I Hiked: The Vrmac Fortress (Kotor, Montenegro)

Far from the teeming cruise ship crowds, you’ll find this charming and uncomplicated hike to an abandoned fortress from the Austro-Hungarian Empire. Starting at the edge of town, the Vrmac hike winds its way up through a quiet forest with plenty of vantage points of the beautiful Kotor Bay.   

Difficulty: Easy
Type of Hike: Stone path/trail
Time: 3.5-4 hours round-trip
Distance: 6.2 kilometers round-trip
Number of Wrong Turns: 0!

The Trailhead
It takes about 15 minutes from the Old Town of Kotor to reach the trailhead, although I had difficulty finding the actual start of the trail. You’re looking for any signs with the red and white marker, and not that one trail that goes through someone’s backyard.

On The Trail
The hike immediately starts heading up via switchbacks on a leisurely stone paved trail lined with pomegranate trees. You’re quickly rewarded with expansive views of the Kotor Bay. The route is mostly shaded, which hides you from that strong midday sun.

At the top, you’ll reach an abandoned military outpost, which is both mysterious and gross in equal parts. I don’t recommend going into any of the rooms – that is not animal shit on the floor.

At the end of the ghost town, you’ll find the Fort Vrmac built in 1894. I would have spent more time here, but upon my arrival a dozen camouflaged soldiers armed with assault rifles emerged from the shadows. It would take me a moment to realize it was a paintball crew. Or was it?

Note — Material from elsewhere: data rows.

lemma faulhaber_top_coeffs_cong:
  fixes n p q :: nat
  assumes "even n" and p: "prime p" and "p \<ge> 3 * n + 7" and q: "q + n + 3 = p"
  defines "F \<equiv> faulhaber_poly (q + 1)" and "G \<equiv> faulhaber_poly q"
  shows "rat_cong0 (coeff (F ^ 2) (p + n + 1)) p \<and> rat_cong0 (coeff (F * G) (p + n)) p"
proof -
  define a1 a2 c1 c2 where "a1 = coeff (F * G) (n + 1)" and "a2 = coeff (F * G) (p + n)"
    and "c1 = coeff (F ^ 2) (n + 2)" and "c2 = coeff (F ^ 2) (p + n + 1)"
  have relation: "rat_cong0 (2 * (a1 + a2) + (c1 + c2)) p"
    unfolding a1_def a2_def c1_def c2_def F_def G_def by (rule faulhaber_square_coeff_cong[OF assms(1-4)])
  have "odd (q + 1)" using prime_odd_nat[OF p] assms by auto
  then have "bernoulli (q + 1) = 0" using assms by (intro bernoulli_odd_eq_0) auto
  then have a1: "2 * of_nat (q + 1) * a1 = of_nat (n + 2) * c1"
    and a2: "2 * of_nat (q + 1) * a2 = of_nat (p + n + 1) * c2"
    unfolding a1_def a2_def c1_def c2_def F_def G_def
    using coeff_faulhaber_square_Suc[of q "n + 1"] coeff_faulhaber_square_Suc[of q "p + n"] by simp_all
  have "of_nat (2 * p - 1) * c2 = of_nat (q + 1) * (2 * (a1 + a2) + (c1 + c2)) - of_nat p * c1"
  proof -
    have "(of_nat p :: rat) = of_nat q + of_nat n + 3" by (simp flip: q)
    then show ?thesis
      using a1 a2 prime_gt_0_nat[OF p] by (simp add: of_nat_diff algebra_simps)
  qed
  moreover have "rat_cong0 (of_nat (q + 1) * (2 * (a1 + a2) + (c1 + c2)) - of_nat p * c1) p"
  proof (rule rat_cong0_diff[OF p rat_cong0_mult_left[OF p p_integral_of_nat[OF p] relation] rat_cong0_of_nat_mult])
    show "p_integral c1 p"
      unfolding c1_def F_def power2_eq_square using p q
      by (intro p_integral_coeff_mult p_integral_coeff_faulhaber_poly) auto
  qed
  moreover have "\<not> p dvd 2 * p - 1"
    using prime_gt_1_nat[OF p] dvd_diff_nat[of p "2 * p" "2 * p - 1"] by auto
  ultimately have c2: "rat_cong0 c2 p"
    using p by (metis rat_cong0_cancel_of_nat)
  have "\<not> p dvd 2" "\<not> p dvd q + 1"
    using q assms by (auto dest: dvd_imp_le)
  then have "\<not> p dvd 2 * (q + 1)"
    using p by (metis prime_dvd_mult_iff)
  moreover have "rat_cong0 (of_nat (2 * (q + 1)) * a2) p"
    using a2 rat_cong0_mult_left[OF p p_integral_of_nat[OF p] c2, of "p + n + 1"] by simp
  ultimately show ?thesis
    using c2 p unfolding a2_def c2_def by (metis rat_cong0_cancel_of_nat)
qed

lemma faulhaber_convolution_cong:
  fixes n p q :: nat
  assumes "even n" and "prime p" and "p \<ge> 3 * n + 7" and q: "q + n + 3 = p"
  defines "N \<equiv> p - 3 * n - 3"
  shows "rat_cong0 (\<Sum>a\<le>N. faulhaber_coeff q a * faulhaber_coeff (q + 1) (N - a)) p"
    and "rat_cong0 (\<Sum>a\<le>N. faulhaber_coeff (q + 1) a * faulhaber_coeff (q + 1) (N - a)) p"
proof -
  have "N \<le> q" "N \<le> q + 1" "q + (q + 1) + 2 - N = p + n" "q + 1 + (q + 1) + 2 - N = p + n + 1"
    using q assms(3) by (auto simp: N_def)
  then show "rat_cong0 (\<Sum>a\<le>N. faulhaber_coeff q a * faulhaber_coeff (q + 1) (N - a)) p"
    and "rat_cong0 (\<Sum>a\<le>N. faulhaber_coeff (q + 1) a * faulhaber_coeff (q + 1) (N - a)) p"
    using faulhaber_top_coeffs_cong[OF assms(1-3) q]
      coeff_faulhaber_poly_mult[of N q "q + 1"] coeff_faulhaber_poly_mult[of N "q + 1" "q + 1"]
    by (simp_all add: power2_eq_square mult.commute)
qed

section \<open>The Bernoulli terms modulo p\<close>

lemma binomial_reflect_cong:
  assumes p: "prime p" and "u + v < p"
  shows "[int ((p - 1 - u) choose v) = (-1) ^ v * int ((u + v) choose v)] (mod int p)"
  using assms(2)
proof (induction v)
  case 0
  then show ?case by simp
next
  case (Suc v)
  let ?N = "p - 1 - u"
  have "Suc v * (?N choose Suc v) = (?N - v) * (?N choose v)"
    using binomial_absorption[of v ?N] binomial_absorb_comp[of ?N v] by simp
  then have "[int (Suc v) * int (?N choose Suc v) = int (?N - v) * int (?N choose v)] (mod int p)"
    by (metis of_nat_mult cong_refl)
  also have "[int (?N - v) * int (?N choose v) = - int (u + Suc v) * ((-1) ^ v * int ((u + v) choose v))] (mod int p)"
  proof (rule cong_mult)
    have "int (?N - v) = - int (u + Suc v) + int p" using Suc.prems by simp
    then show "[int (?N - v) = - int (u + Suc v)] (mod int p)"
      by (simp add: cong_iff_dvd_diff)
    show "[int (?N choose v) = (-1) ^ v * int ((u + v) choose v)] (mod int p)"
      using Suc by simp
  qed
  also have "- int (u + Suc v) * ((-1) ^ v * int ((u + v) choose v))
      = int (Suc v) * ((-1) ^ Suc v * int ((u + Suc v) choose Suc v))"
  proof -
    define X Y where "X = int ((u + v) choose v)" and "Y = int ((u + Suc v) choose Suc v)"
    have "int (Suc v) * Y = int (u + Suc v) * X"
      unfolding X_def Y_def using Suc_times_binomial[of v "u + v"] by (metis of_nat_mult add_Suc_right)
    then have "(-1) ^ v * (int (Suc v) * Y) = (-1) ^ v * (int (u + Suc v) * X)" by simp
    then have "- int (u + Suc v) * ((-1) ^ v * X) = int (Suc v) * ((-1) ^ Suc v * Y)"
      by (simp add: algebra_simps)
    then show ?thesis unfolding X_def Y_def .
  qed
  finally have "[int (Suc v) * int (?N choose Suc v)
      = int (Suc v) * ((-1) ^ Suc v * int ((u + Suc v) choose Suc v))] (mod int p)" .
  moreover have "\<not> p dvd Suc v"
    using Suc.prems by (auto dest: dvd_imp_le)
  then have "coprime (Suc v) p"
    using prime_imp_coprime[OF p] coprime_commute by blast
  then have "coprime (int (Suc v)) (int p)"
    by (simp only: coprime_int_iff)
  ultimately show ?case
    using cong_mult_lcancel by blast
qed

lemma binomial_swap_cong:
  assumes p: "prime p" and "b + v < p"
  shows "[int ((p - 1 - b) choose v) = (-1) ^ v * (-1) ^ b * int ((p - 1 - v) choose b)] (mod int p)"
proof -
  have "[(-1) ^ v * (-1) ^ b * int ((p - 1 - v) choose b) = (-1) ^ v * (-1) ^ b * ((-1) ^ b * int ((v + b) choose b))] (mod int p)"
    using assms by (intro cong_mult cong_refl binomial_reflect_cong) auto
  also have "(-1) ^ v * (-1) ^ b * ((-1) ^ b * int ((v + b) choose b)) = (-1) ^ v * int ((b + v) choose v)"
  proof -
    have "(-1 :: int) ^ b * (-1) ^ b = 1"
      by (simp flip: power_mult_distrib)
    moreover have "(v + b) choose b = (b + v) choose v"
      using binomial_symmetric[of v "b + v"] by (simp add: add.commute)
    ultimately show ?thesis
      by (simp only: mult.assoc[of "(-1) ^ v"] mult.assoc[of "(-1) ^ b", symmetric] mult_1)
  qed
  also have "[\<dots> = int ((p - 1 - b) choose v)] (mod int p)"
    using assms by (intro cong_sym[OF binomial_reflect_cong]) auto
  finally show ?thesis by (rule cong_sym)
qed

lemma bernoulli_binomial_cong:
  assumes p: "prime p" and "b + v + 2 \<le> p"
  shows "rat_cong0 (bernoulli b / of_nat (p - b) * of_nat ((p - b) choose (v + 1))
    - (-1) ^ v * (of_nat (p - 1 - v) / of_nat (v + 1)) * ((-1) ^ b * faulhaber_coeff (p - 2 - v) b)) p"
proof -
  define C1 C2 where "C1 = (p - b) choose (v + 1)" and "C2 = (p - 1 - b) choose v"
  have "(v + 1) * C1 = (p - b) * C2"
    unfolding C1_def C2_def using binomial_absorption[of v "p - b"] by (simp add: diff_commute)
  then have "(of_nat (v + 1) :: rat) * of_nat C1 = of_nat (p - b) * of_nat C2"
    by (metis of_nat_mult)
  then have "of_nat C1 / of_nat (p - b) = (of_nat C2 / of_nat (v + 1) :: rat)"
    using assms by (simp add: frac_eq_eq mult.commute)
  then have left: "bernoulli b / of_nat (p - b) * of_nat C1 = bernoulli b / of_nat (v + 1) * of_nat C2"
    by (metis times_divide_eq_left times_divide_eq_right)
  have right: "(-1) ^ v * (of_nat (p - 1 - v) / of_nat (v + 1)) * ((-1) ^ b * faulhaber_coeff (p - 2 - v) b)
      = bernoulli b / of_nat (v + 1) * ((-1) ^ v * (-1) ^ b * of_nat ((p - 1 - v) choose b))"
    using assms by (simp add: faulhaber_coeff_def Suc_diff_Suc numeral_2_eq_2)
  have "rat_cong0 (bernoulli b / of_nat (v + 1) * (of_int (int C2)
      - of_int ((-1) ^ v * (-1) ^ b * int ((p - 1 - v) choose b)))) p"
    unfolding C2_def using assms
    by (intro rat_cong0_mult_left p_integral_divide_of_nat bernoulli_p_integral rat_cong0_of_int_cong
        binomial_swap_cong) (auto dest: dvd_imp_le)
  then show ?thesis
    unfolding C1_def[symmetric] left right by (simp add: right_diff_distrib)
qed

lemma rat_cong0_convolution:
  assumes p: "prime p" and "even N"
    and u: "\<And>b. b \<le> N \<Longrightarrow> rat_cong0 (u b - c * ((-1) ^ b * f b)) p"
    and w: "\<And>a. a \<le> N \<Longrightarrow> rat_cong0 (w a - d * ((-1) ^ a * g a)) p"
    and c: "p_integral c p" and d: "p_integral d p"
    and f: "\<And>b. b \<le> N \<Longrightarrow> p_integral (f b) p" and g: "\<And>a. a \<le> N \<Longrightarrow> p_integral (g a) p"
    and fg: "rat_cong0 (\<Sum>a\<le>N. g a * f (N - a)) p"
  shows "rat_cong0 (\<Sum>a\<le>N. u (N - a) * w a) p"
proof -
  have sign_integral: "p_integral ((-1) ^ k) p" for k
    using p by (intro p_integral_power p_integral_minus p_integral_1)
  have "rat_cong0 (u (N - a) * w a - c * ((-1) ^ (N - a) * f (N - a)) * (d * ((-1) ^ a * g a))) p"
    if "a \<le> N" for a
  proof (rule rat_cong0_mult_diff[OF p u[OF diff_le_self] w[OF that]])
    have "p_integral (d * ((-1) ^ a * g a)) p"
      using that by (intro p_integral_mult p d g sign_integral)
    from p_integral_add[OF p rat_cong0_imp_p_integral[OF p w[OF that]] this]
    show "p_integral (w a) p" by simp
    show "p_integral (c * ((-1) ^ (N - a) * f (N - a))) p"
      by (intro p_integral_mult p c f sign_integral) simp
  qed
  moreover have "c * ((-1) ^ (N - a) * f (N - a)) * (d * ((-1) ^ a * g a)) = c * d * (g a * f (N - a))"
    if "a \<le> N" for a
    using that \<open>even N\<close> by (simp add: algebra_simps flip: power_add)
  ultimately have "rat_cong0 (\<Sum>a\<le>N. u (N - a) * w a - c * d * (g a * f (N - a))) p"
    using p by (auto intro: rat_cong0_sum)
  from rat_cong0_add[OF p this rat_cong0_mult_left[OF p p_integral_mult[OF p c d] fg]]
  show ?thesis by (simp add: sum_subtractf sum_distrib_left)
qed
definition semisimple_real :: "('i::finite \<Rightarrow> 'i \<Rightarrow> 'i \<Rightarrow> real) \<Rightarrow> bool" where
  "semisimple_real C \<longleftrightarrow>
     (\<forall>x::real^'i. (\<forall>y. killing UNIV (br C) x y = 0) \<longrightarrow> x = 0)"

definition compact_real_lie :: "'v::real_vector set \<Rightarrow> ('v \<Rightarrow> 'v \<Rightarrow> 'v) \<Rightarrow> bool" where
  "compact_real_lie V b \<longleftrightarrow> (\<forall>x\<in>V. x \<noteq> 0 \<longrightarrow> killing V b x x < 0)"

definition real_form :: "('i::finite \<Rightarrow> 'i \<Rightarrow> 'i \<Rightarrow> real) \<Rightarrow> (complex^'i) set \<Rightarrow> bool" where
  "real_form C L \<longleftrightarrow>
     real_subalgebra UNIV (br (cC C)) L \<and>
     (\<forall>z. \<exists>a\<in>L. \<exists>b\<in>L. z = a + imul b) \<and>
     (\<forall>a\<in>L. imul a \<in> L \<longrightarrow> a = 0)"

definition compact_real_form :: "('i::finite \<Rightarrow> 'i \<Rightarrow> 'i \<Rightarrow> real) \<Rightarrow> (complex^'i) set \<Rightarrow> bool" where
  "compact_real_form C L \<longleftrightarrow> real_form C L \<and> compact_real_lie L (br (cC C))"

text \<open>Cartan decomposition of the real semisimple Lie algebra real^'i (structure constants C),
  with complexification complex^'i, real form emb ` UNIV and conjugation conjv.\<close>
definition cartan_decomposition ::
  "('i::finite \<Rightarrow> 'i \<Rightarrow> 'i \<Rightarrow> real) \<Rightarrow> (real^'i) set \<Rightarrow> (real^'i) set \<Rightarrow> bool" where
  "cartan_decomposition C T P \<longleftrightarrow>
     semisimple_real C \<and>
     real_subalgebra UNIV (br C) T \<and>
     (\<forall>x. \<exists>t\<in>T. \<exists>p\<in>P. x = t + p) \<and>
     (\<exists>Lk. compact_real_form C Lk \<and> conjv ` Lk \<subseteq> Lk \<and>
           emb ` T = range emb \<inter> Lk \<and>
           emb ` P = range emb \<inter> imul ` Lk)"

text \<open>Semigroup S = finite abelian semigroup type 's; basis \<lambda>_\<alpha> \<otimes> X_i indexed by ('s \<times> 'i).\<close>
definition selector :: "'s::ab_semigroup_mult \<Rightarrow> 's \<Rightarrow> 's \<Rightarrow> real" where
  "selector \<alpha> \<beta> \<gamma> = (if \<alpha> * \<beta> = \<gamma> then 1 else 0)"

definition expC :: "('i \<Rightarrow> 'i \<Rightarrow> 'i \<Rightarrow> real) \<Rightarrow> ('s::ab_semigroup_mult \<times> 'i) \<Rightarrow> ('s \<times> 'i) \<Rightarrow> ('s \<times> 'i) \<Rightarrow> real" where
  "expC C a b c = selector (fst a) (fst b) (fst c) * C (snd a) (snd b) (snd c)"

definition comp :: "'a^('s::finite \<times> 'i::finite) \<Rightarrow> 's \<Rightarrow> 'a^'i" where
  "comp x \<alpha> = (\<chi> i. x$(\<alpha>, i))"

text \<open>S \<otimes> W = span {\<lambda>_\<alpha> \<otimes> X : X \<in> W} for a subspace W.\<close>
definition sexp :: "('a^'i::finite) set \<Rightarrow> ('a^('s::finite \<times> 'i)) set" where
  "sexp W = {x. \<forall>\<alpha>. comp x \<alpha> \<in> W}"

end

theory Submission
  imports Defs
begin

text \<open>
  The compact real form T0 + i P0 is the compact form Lk witnessing the Cartan decomposition
  (Lk is conjugation invariant, so each of its elements splits into a real part in T0 and an
  imaginary part in i P0). Everything in the definition of a Cartan decomposition is defined
  componentwise along the basis of S, so S \<otimes> Lk is a conjugation invariant real form of the
  expanded complexification whose real and imaginary parts are S \<otimes> T0 and i (S \<otimes> P0); it is
  compact by hypothesis. The only property that is not componentwise is semisimplicity, which
  follows from the existence of a compact real form L: if x lies in the radical of the Killing
  form, then it lies in the radical of the real Killing form \<kappa> of the complexification; writing
  x = a + i b with a, b \<in> L, one finds \<kappa>(a + i b, a - i b) = 2 (\<kappa>_L(a, a) + \<kappa>_L(b, b)),
  which forces a = b = 0 by negative definiteness.
\<close>

section \<open>Traces of linear maps\<close>

lemma subspace_finite_basis_exists:
  fixes V :: "'v::euclidean_space set"
  assumes "subspace V"
  obtains B where "B \<subseteq> V" "independent B" "span B = V" "finite B"
proof -
  obtain B where "B \<subseteq> V" "independent B" "V \<subseteq> span B"
    by (metis basis_exists)
  then show thesis
    using that assms by (metis independent_bound span_minimal subset_antisym)
qed

lemma some_basis_subspace:
  fixes V :: "'v::euclidean_space set"
  assumes "subspace V"
  defines "B \<equiv> SOME B. B \<subseteq> V \<and> \<not> dependent B \<and> span B = V"
  shows "B \<subseteq> V" "independent B" "span B = V" "finite B"
proof -
  have "B \<subseteq> V \<and> \<not> dependent B \<and> span B = V"
    unfolding B_def by (rule someI_ex) (meson assms subspace_finite_basis_exists)
  then show "B \<subseteq> V" "independent B" "span B = V" "finite B"
    using independent_bound by blast+
qed

lemma representation_sum_scale:
  fixes B :: "'v::real_vector set"
  assumes B: "independent B" and u: "\<And>c. c \<in> A \<Longrightarrow> u c \<in> span B"
  shows "representation B (\<Sum>c\<in>A. r c *\<^sub>R u c) b = (\<Sum>c\<in>A. r c * representation B (u c) b)"
proof -
  have "representation B (\<Sum>c\<in>A. r c *\<^sub>R u c) b = (\<Sum>c\<in>A. representation B (r c *\<^sub>R u c) b)"
    using real_vector.representation_sum[OF B, of A "\<lambda>c. r c *\<^sub>R u c"] u
    by (simp add: real_vector.span_scale)
  also have "\<dots> = (\<Sum>c\<in>A. r c * representation B (u c) b)"
    using real_vector.representation_scale[OF B] u by simp
  finally show ?thesis .
qed

lemma linear_representation_expand:
  assumes f: "linear f" and B: "independent B" "finite B" and v: "v \<in> span B"
  shows "f v = (\<Sum>c\<in>B. representation B v c *\<^sub>R f c)"
proof -
  have "v = (\<Sum>c\<in>B. representation B v c *\<^sub>R c)"
    using real_vector.sum_representation_eq[OF B(1) v B(2) order_refl] by simp
  then show ?thesis
    by (metis (no_types, lifting) f linear_cmul real_vector.linear_sum sum.cong)
qed

lemma trace_sum_basis_independent:
  fixes V :: "'v::euclidean_space set"
  assumes B1: "B1 \<subseteq> V" "independent B1" "span B1 = V"
    and B2: "B2 \<subseteq> V" "independent B2" "span B2 = V"
    and f: "linear f" "f ` V \<subseteq> V"
  shows "(\<Sum>b\<in>B1. representation B1 (f b) b) = (\<Sum>c\<in>B2. representation B2 (f c) c)"
proof -
  have fin: "finite B1" "finite B2" using B1 B2 independent_bound by auto
  have f1: "f c \<in> span B1" and f2: "f c \<in> span B2" if "c \<in> V" for c
    using that f B1 B2 by auto
  have "(\<Sum>b\<in>B1. representation B1 (f b) b)
      = (\<Sum>b\<in>B1. \<Sum>c\<in>B2. representation B2 b c * representation B1 (f c) b)"
  proof (rule sum.cong[OF refl])
    fix b assume "b \<in> B1"
    then have "representation B1 (f b) b
        = representation B1 (\<Sum>c\<in>B2. representation B2 b c *\<^sub>R f c) b"
      using linear_representation_expand[OF f(1) B2(2) fin(2)] B1 B2 by auto
    also have "\<dots> = (\<Sum>c\<in>B2. representation B2 b c * representation B1 (f c) b)"
      by (rule representation_sum_scale[OF B1(2)]) (use f1 B2(1) in auto)
    finally show "representation B1 (f b) b = \<dots>" .
  qed
  also have "\<dots> = (\<Sum>c\<in>B2. \<Sum>b\<in>B1. representation B1 (f c) b * representation B2 b c)"
    by (subst sum.swap) (simp add: mult.commute)
  also have "\<dots> = (\<Sum>c\<in>B2. representation B2 (f c) c)"
  proof (rule sum.cong[OF refl])
    fix c assume "c \<in> B2"
    then have "representation B2 (f c) c
        = representation B2 (\<Sum>b\<in>B1. representation B1 (f c) b *\<^sub>R b) c"
      using linear_representation_expand[OF linear_id B1(2) fin(1)] f1 B2(1) by auto
    also have "\<dots> = (\<Sum>b\<in>B1. representation B1 (f c) b * representation B2 b c)"
      by (rule representation_sum_scale[OF B2(2)]) (use B1 B2 in \<open>auto simp: span_base\<close>)
    finally show "(\<Sum>b\<in>B1. representation B1 (f c) b * representation B2 b c)
        = representation B2 (f c) c" by (rule sym)
  qed
  finally show ?thesis .
qed

lemma real_trace_basis:
  fixes V :: "'v::euclidean_space set"
  assumes "subspace V" "B \<subseteq> V" "independent B" "span B = V" "linear f" "f ` V \<subseteq> V"
  shows "real_trace V f = (\<Sum>b\<in>B. representation B (f b) b)"
  using some_basis_subspace[OF assms(1)] trace_sum_basis_independent[OF _ _ _ assms(2-6)]
  unfolding real_trace_def Let_def by blast

lemma real_trace_add:
  fixes V :: "'v::euclidean_space set"
  assumes V: "subspace V" and "f ` V \<subseteq> V" "g ` V \<subseteq> V"
  shows "real_trace V (\<lambda>v. f v + g v) = real_trace V f + real_trace V g"
proof -
  define B where "B \<equiv> SOME B. B \<subseteq> V \<and> \<not> dependent B \<and> span B = V"
  note B = some_basis_subspace[OF V, folded B_def]
  have "representation B (f b + g b) b = representation B (f b) b + representation B (g b) b"
    if "b \<in> B" for b
    using that B assms(2,3) by (subst real_vector.representation_add) auto
  then show ?thesis
    unfolding real_trace_def Let_def B_def[symmetric] by (simp add: sum.distrib)
qed

lemma real_trace_zero: "real_trace V (\<lambda>_. 0) = 0"
  by (simp add: real_trace_def Let_def real_vector.representation_zero)

lemma representation_linear_image:
  fixes g :: "'a::real_vector \<Rightarrow> 'b::real_vector"
  assumes g: "linear g" "inj g" and B: "independent B" "finite B"
    and v: "v \<in> span B" and b: "b \<in> B"
  shows "representation (g ` B) (g v) (g b) = representation B v b"
proof -
  have gB: "independent (g ` B)"
    using real_vector.linear_independent_injective_image[OF g(1) B(1)] g(2)
    by (meson inj_on_subset subset_UNIV)
  have "representation (g ` B) (g v) (g b)
      = (\<Sum>c\<in>B. representation B v c * representation (g ` B) (g c) (g b))"
    unfolding linear_representation_expand[OF g(1) B v]
    by (rule representation_sum_scale[OF gB]) (simp add: real_vector.span_base)
  also have "\<dots> = (\<Sum>c\<in>B. representation B v c * (if c = b then 1 else 0))"
    using real_vector.representation_basis[OF gB] g(2) by (intro sum.cong) (auto simp: inj_eq)
  also have "\<dots> = representation B v b"
    using b B(2) by (simp add: if_distrib cong: if_cong)
  finally show ?thesis .
qed

lemma real_trace_linear_image:
  fixes g :: "'a::euclidean_space \<Rightarrow> 'b::euclidean_space"
  assumes g: "linear g" "inj g" and f: "linear f" and A: "linear A"
    and Ag: "\<And>x. A (g x) = g (f x)"
  shows "real_trace (range g) A = real_trace UNIV f"
proof -
  obtain B :: "'a set" where B: "independent B" "span B = UNIV" "finite B"
    using subspace_finite_basis_exists[OF subspace_UNIV] by metis
  have gB: "independent (g ` B)"
    using real_vector.linear_independent_injective_image[OF g(1) B(1)] g(2)
    by (meson inj_on_subset subset_UNIV)
  have sg: "span (g ` B) = range g"
    using span_linear_image[OF g(1), of B] B(2) by simp
  then have sub: "subspace (range g)"
    by (metis real_vector.subspace_span)
  have "real_trace (range g) A = (\<Sum>c\<in>g ` B. representation (g ` B) (A c) c)"
    by (rule real_trace_basis[OF sub _ gB sg A]) (auto simp: Ag)
  also have "\<dots> = (\<Sum>b\<in>B. representation (g ` B) (g (f b)) (g b))"
    by (subst sum.reindex) (auto simp: Ag intro: inj_on_subset[OF g(2)])
  also have "\<dots> = (\<Sum>b\<in>B. representation B (f b) b)"
    using representation_linear_image[OF g B(1,3)] B(2) by simp
  also have "\<dots> = real_trace UNIV f"
    using real_trace_basis[OF subspace_UNIV _ B(1,2) f] by simp
  finally show ?thesis .
qed

section \<open>Real forms of complex coordinate spaces\<close>

lemma imul_imul [simp]: "imul (imul z) = - z"
  by (simp add: imul_def vec_eq_iff)

lemma imul_eq_iff [simp]: "imul x = imul y \<longleftrightarrow> x = y"
  by (simp add: imul_def vec_eq_iff)

lemma imul_zero [simp]: "imul 0 = 0"
  by (simp add: imul_def vec_eq_iff)

lemma imul_add: "imul (x + y) = imul x + imul y"
  by (simp add: imul_def vec_eq_iff algebra_simps)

Used in both World War I, World War II, and most recently by the Yugoslav army at the end of the century, the now abandoned fortress is remarkably well preserved. While most of the entrances are blocked, there are ways to get inside, which I didn’t do because I felt like I would be walking into a most dangerous game situation with the paintballers. And also because I’ve seen trailers for horror movies before.

Expanding the Hike
There’s a few trails heading off the top of the hill here. You could head down the backside into Tivat or take a longer route back into town. Really, you can’t go wrong hiking around here. It’s that nice.

Where to Stay
While completely packed during the day with tourists, the Old Town empties out in the evening and is delightful. I stayed at the Kotor Old Town Hostel ($20 USD per night), which included a cat that likes to curl up in your lap, but will bite you if you try to move. This is not contentment in the picture. It’s fear.

Final Thoughts
An ideal half-day hike, the Vrmac Fortress has a little bit of everything except the crowds. A week ago, I was hiking in the snows of north Montenegro and now I’m wearing shorts and eating fresh fruit. I am coming to love this country.